------ TASK MATERIAL

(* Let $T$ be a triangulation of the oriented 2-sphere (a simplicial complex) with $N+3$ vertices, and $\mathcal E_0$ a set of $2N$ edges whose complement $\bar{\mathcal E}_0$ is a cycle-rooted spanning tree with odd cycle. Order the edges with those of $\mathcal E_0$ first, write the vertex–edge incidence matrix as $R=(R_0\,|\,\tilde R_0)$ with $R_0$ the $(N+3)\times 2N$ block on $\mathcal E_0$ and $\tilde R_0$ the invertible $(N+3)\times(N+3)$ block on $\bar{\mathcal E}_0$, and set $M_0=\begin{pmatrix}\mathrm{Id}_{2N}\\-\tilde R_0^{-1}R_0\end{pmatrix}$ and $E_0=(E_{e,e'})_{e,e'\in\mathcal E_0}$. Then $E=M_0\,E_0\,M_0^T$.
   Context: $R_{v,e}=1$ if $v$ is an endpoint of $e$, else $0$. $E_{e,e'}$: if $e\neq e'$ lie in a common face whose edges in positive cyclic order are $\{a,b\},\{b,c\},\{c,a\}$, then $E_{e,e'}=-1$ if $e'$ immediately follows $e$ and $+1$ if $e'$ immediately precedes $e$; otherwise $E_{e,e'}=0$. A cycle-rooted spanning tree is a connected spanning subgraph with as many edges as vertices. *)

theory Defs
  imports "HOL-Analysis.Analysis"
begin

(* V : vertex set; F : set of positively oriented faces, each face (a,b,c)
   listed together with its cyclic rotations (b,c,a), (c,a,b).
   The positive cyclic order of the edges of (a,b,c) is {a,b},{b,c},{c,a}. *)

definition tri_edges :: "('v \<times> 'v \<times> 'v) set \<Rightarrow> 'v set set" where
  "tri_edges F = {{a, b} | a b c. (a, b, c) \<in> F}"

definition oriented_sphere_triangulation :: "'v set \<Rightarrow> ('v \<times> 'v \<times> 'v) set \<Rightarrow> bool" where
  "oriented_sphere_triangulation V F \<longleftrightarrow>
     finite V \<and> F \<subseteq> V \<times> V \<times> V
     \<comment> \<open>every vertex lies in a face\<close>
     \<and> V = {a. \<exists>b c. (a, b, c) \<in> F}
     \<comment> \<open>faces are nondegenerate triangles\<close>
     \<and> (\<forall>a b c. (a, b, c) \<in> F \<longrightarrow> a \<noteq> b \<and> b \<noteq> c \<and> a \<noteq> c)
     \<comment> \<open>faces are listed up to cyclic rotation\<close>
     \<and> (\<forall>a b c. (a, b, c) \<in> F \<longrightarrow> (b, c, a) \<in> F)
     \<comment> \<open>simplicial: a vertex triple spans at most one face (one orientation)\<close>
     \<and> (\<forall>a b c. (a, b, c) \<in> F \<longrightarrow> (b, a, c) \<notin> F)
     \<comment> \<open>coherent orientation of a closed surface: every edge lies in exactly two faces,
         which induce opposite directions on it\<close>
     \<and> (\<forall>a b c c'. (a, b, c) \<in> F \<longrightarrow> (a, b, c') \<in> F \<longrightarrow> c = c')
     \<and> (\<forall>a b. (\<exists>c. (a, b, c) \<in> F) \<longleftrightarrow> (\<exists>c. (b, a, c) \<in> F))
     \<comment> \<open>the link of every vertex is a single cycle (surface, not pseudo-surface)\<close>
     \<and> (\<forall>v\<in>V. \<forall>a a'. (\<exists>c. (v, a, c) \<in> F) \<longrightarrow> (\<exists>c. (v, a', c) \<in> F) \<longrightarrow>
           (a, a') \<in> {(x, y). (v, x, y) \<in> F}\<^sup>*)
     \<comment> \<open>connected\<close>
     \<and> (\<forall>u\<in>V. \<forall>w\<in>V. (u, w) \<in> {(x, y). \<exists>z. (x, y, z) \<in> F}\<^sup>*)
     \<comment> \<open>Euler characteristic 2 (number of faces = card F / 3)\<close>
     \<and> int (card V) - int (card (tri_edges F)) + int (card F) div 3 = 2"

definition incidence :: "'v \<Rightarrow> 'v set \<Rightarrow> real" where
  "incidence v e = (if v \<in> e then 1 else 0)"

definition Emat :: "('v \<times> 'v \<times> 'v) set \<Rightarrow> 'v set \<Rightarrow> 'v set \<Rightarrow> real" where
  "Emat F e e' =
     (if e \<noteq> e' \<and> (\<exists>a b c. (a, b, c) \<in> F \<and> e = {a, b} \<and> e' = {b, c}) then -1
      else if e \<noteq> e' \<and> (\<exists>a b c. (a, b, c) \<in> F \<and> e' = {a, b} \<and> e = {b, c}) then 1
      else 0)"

------------

▶ **DIRECTIONS FOR THIS TASK**: Find the word "comment" in the entries above. Copy every line that has it.

▶ **TASK RESULT**:
     \<comment> \<open>every vertex lies in a face\<close>
     \<comment> \<open>faces are nondegenerate triangles\<close>
     \<comment> \<open>faces are listed up to cyclic rotation\<close>
     \<comment> \<open>simplicial: a vertex triple spans at most one face (one orientation)\<close>
     \<comment> \<open>coherent orientation of a closed surface: every edge lies in exactly two faces,
     \<comment> \<open>the link of every vertex is a single cycle (surface, not pseudo-surface)\<close>
     \<comment> \<open>connected\<close>
     \<comment> \<open>Euler characteristic 2 (number of faces = card F / 3)\<close>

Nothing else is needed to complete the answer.